Records provided:

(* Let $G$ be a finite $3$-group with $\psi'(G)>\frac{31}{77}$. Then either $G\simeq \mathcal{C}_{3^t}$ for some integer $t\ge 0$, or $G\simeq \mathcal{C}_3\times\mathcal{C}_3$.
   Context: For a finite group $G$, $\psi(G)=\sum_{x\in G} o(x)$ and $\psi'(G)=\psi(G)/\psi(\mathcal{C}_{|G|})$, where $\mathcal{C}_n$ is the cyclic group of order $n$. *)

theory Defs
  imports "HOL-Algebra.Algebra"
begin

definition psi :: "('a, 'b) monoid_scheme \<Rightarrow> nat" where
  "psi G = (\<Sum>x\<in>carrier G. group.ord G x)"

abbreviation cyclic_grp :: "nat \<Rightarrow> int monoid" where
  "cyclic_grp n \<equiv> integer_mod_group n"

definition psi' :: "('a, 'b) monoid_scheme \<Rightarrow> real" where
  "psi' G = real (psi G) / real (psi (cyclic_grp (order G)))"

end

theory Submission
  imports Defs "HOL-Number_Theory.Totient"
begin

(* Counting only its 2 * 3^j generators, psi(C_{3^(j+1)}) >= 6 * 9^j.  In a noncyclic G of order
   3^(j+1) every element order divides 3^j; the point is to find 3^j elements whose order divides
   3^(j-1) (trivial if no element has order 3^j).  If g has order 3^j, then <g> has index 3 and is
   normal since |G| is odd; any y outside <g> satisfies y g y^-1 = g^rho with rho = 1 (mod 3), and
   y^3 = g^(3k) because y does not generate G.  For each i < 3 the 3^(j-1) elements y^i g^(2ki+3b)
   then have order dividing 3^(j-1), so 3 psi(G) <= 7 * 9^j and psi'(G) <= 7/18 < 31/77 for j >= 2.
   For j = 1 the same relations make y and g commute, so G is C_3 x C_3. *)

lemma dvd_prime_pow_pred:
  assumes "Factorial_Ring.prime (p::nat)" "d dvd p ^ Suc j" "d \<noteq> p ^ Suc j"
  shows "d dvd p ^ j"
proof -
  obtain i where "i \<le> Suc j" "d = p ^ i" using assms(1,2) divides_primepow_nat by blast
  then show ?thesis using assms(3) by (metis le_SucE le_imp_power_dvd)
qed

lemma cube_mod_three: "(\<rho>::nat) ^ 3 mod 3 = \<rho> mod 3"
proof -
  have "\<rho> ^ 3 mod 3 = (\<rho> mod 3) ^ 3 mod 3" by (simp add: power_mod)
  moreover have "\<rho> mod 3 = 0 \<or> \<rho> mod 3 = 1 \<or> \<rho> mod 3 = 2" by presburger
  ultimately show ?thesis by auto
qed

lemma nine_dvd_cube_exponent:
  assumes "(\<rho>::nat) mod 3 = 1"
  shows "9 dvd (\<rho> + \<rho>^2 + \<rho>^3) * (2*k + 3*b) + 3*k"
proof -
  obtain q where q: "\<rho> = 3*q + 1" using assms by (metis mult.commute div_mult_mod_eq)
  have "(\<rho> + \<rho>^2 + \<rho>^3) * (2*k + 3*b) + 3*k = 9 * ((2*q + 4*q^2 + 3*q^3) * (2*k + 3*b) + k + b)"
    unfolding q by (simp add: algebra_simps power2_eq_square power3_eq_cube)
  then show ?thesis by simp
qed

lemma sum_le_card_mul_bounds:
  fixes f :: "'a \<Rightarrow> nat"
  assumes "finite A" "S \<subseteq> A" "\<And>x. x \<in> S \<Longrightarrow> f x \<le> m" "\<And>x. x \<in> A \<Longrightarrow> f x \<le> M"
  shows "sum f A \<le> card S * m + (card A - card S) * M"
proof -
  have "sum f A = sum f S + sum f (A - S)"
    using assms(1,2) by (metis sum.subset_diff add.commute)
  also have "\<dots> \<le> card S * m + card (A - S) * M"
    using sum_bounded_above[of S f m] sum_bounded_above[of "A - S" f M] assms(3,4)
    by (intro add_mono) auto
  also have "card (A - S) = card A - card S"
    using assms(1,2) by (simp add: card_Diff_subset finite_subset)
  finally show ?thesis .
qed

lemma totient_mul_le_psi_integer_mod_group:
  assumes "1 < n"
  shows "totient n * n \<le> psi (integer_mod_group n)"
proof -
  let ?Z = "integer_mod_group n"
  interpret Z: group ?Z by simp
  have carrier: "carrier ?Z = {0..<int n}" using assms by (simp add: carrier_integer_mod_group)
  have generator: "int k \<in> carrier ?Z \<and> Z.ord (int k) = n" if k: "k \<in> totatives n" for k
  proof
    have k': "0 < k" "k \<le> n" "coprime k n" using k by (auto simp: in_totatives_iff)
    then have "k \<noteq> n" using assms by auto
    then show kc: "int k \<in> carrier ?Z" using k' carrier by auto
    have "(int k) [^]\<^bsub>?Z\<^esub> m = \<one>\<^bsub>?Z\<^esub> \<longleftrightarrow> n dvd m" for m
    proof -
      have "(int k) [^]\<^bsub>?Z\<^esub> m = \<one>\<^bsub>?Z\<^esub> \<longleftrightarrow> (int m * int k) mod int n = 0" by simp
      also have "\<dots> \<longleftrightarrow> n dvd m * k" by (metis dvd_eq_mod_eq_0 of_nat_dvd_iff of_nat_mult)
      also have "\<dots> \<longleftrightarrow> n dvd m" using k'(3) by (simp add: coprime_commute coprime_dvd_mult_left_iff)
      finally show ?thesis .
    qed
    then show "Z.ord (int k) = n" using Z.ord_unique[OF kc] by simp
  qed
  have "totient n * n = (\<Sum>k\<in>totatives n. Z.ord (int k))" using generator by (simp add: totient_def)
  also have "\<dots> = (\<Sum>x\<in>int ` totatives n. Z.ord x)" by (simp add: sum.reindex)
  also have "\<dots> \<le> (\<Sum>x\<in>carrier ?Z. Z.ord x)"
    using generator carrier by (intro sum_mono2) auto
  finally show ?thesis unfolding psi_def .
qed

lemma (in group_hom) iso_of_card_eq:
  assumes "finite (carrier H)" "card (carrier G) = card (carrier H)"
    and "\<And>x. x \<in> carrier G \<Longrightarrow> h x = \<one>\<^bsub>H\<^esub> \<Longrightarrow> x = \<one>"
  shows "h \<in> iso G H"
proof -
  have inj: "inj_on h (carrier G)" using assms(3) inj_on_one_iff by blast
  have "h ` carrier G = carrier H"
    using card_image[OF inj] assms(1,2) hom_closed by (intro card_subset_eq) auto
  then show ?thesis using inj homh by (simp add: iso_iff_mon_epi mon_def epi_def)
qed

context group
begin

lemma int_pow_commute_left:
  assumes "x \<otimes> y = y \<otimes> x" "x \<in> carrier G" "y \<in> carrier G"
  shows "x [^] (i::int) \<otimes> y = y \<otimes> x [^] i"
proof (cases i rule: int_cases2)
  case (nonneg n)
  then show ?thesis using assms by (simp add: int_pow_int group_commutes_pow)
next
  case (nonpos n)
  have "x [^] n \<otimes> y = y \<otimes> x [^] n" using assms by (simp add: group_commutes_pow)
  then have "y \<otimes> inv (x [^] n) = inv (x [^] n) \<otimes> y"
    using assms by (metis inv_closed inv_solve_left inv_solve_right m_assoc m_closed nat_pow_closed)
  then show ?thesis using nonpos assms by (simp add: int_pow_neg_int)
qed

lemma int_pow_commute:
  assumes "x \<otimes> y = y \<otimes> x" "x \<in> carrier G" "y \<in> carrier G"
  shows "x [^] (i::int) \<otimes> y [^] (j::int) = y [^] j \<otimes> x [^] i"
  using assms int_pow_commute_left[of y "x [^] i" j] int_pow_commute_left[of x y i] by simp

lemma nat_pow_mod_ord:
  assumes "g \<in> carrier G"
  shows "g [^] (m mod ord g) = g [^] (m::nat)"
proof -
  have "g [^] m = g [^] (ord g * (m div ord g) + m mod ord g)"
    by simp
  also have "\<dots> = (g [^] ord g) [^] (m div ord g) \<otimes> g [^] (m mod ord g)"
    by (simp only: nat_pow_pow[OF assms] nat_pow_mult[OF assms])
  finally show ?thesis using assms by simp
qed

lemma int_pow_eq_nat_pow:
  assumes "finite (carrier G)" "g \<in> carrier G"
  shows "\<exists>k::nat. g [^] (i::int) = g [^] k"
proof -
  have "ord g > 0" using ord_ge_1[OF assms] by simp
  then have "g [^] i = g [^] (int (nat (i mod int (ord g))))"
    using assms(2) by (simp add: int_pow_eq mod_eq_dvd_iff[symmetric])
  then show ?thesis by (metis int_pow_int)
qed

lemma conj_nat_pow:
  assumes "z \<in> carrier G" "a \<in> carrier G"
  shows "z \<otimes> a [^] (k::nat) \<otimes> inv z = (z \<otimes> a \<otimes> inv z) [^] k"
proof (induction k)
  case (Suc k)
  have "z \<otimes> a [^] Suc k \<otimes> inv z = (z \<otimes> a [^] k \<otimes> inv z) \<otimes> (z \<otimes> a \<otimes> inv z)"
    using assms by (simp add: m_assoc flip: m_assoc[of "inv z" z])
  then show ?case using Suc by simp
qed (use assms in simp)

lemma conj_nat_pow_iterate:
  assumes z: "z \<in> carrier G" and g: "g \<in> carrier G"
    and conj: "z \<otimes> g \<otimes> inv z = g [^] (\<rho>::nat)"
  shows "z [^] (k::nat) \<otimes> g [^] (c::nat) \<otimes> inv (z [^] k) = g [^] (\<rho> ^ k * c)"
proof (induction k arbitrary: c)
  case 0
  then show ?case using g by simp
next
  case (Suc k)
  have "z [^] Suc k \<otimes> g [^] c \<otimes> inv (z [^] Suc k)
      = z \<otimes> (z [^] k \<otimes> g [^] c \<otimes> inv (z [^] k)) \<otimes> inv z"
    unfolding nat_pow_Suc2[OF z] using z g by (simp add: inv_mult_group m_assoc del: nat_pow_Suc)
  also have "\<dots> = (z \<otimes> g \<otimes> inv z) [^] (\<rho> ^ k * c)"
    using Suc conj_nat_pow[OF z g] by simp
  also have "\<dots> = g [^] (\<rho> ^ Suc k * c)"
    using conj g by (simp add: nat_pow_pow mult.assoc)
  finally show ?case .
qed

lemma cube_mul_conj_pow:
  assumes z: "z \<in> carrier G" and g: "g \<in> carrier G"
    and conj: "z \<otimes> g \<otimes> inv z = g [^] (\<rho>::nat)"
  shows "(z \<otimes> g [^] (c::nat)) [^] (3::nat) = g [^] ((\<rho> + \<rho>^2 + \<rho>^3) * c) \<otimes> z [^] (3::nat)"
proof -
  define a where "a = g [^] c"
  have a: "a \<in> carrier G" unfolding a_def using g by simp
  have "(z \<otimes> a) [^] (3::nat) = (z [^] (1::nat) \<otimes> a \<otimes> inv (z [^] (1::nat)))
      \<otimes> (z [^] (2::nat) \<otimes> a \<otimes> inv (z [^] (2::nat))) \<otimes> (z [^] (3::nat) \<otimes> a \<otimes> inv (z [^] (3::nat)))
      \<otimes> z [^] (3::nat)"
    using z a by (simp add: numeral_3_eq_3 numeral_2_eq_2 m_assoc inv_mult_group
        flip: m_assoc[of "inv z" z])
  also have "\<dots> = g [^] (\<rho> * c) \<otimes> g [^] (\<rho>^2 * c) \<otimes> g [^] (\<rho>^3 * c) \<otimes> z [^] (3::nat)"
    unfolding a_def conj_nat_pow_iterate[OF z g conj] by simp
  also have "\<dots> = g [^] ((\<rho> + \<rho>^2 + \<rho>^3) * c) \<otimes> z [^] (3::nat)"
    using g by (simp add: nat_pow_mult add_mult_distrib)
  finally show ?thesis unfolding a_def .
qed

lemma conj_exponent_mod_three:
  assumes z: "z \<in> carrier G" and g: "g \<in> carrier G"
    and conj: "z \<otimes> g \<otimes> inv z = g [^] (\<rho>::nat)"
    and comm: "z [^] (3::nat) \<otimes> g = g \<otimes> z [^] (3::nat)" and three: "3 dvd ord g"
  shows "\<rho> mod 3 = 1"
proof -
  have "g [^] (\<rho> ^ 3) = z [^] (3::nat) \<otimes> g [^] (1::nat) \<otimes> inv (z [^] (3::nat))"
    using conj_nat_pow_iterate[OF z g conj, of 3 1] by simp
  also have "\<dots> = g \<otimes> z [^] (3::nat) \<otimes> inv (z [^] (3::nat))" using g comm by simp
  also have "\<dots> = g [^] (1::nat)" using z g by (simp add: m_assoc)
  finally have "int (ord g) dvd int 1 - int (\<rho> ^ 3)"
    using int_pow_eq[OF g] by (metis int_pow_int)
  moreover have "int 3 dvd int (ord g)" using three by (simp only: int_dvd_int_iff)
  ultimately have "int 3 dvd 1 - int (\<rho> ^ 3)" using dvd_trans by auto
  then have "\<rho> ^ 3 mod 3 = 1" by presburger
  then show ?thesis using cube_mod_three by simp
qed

Work to complete:
In the material above, locate the line containing "(\<Sum>x\<in>carrier ?Z. Z.ord" and the line containing "G = carrier". Transcribe exactly those two lines and every line between them, and nothing more.

Solution for this task:
  also have "\<dots> \<le> (\<Sum>x\<in>carrier ?Z. Z.ord x)"
    using generator carrier by (intro sum_mono2) auto
  finally show ?thesis unfolding psi_def .
qed

lemma (in group_hom) iso_of_card_eq:
  assumes "finite (carrier H)" "card (carrier G) = card (carrier H)"
    and "\<And>x. x \<in> carrier G \<Longrightarrow> h x = \<one>\<^bsub>H\<^esub> \<Longrightarrow> x = \<one>"
  shows "h \<in> iso G H"
proof -
  have inj: "inj_on h (carrier G)" using assms(3) inj_on_one_iff by blast
  have "h ` carrier G = carrier H"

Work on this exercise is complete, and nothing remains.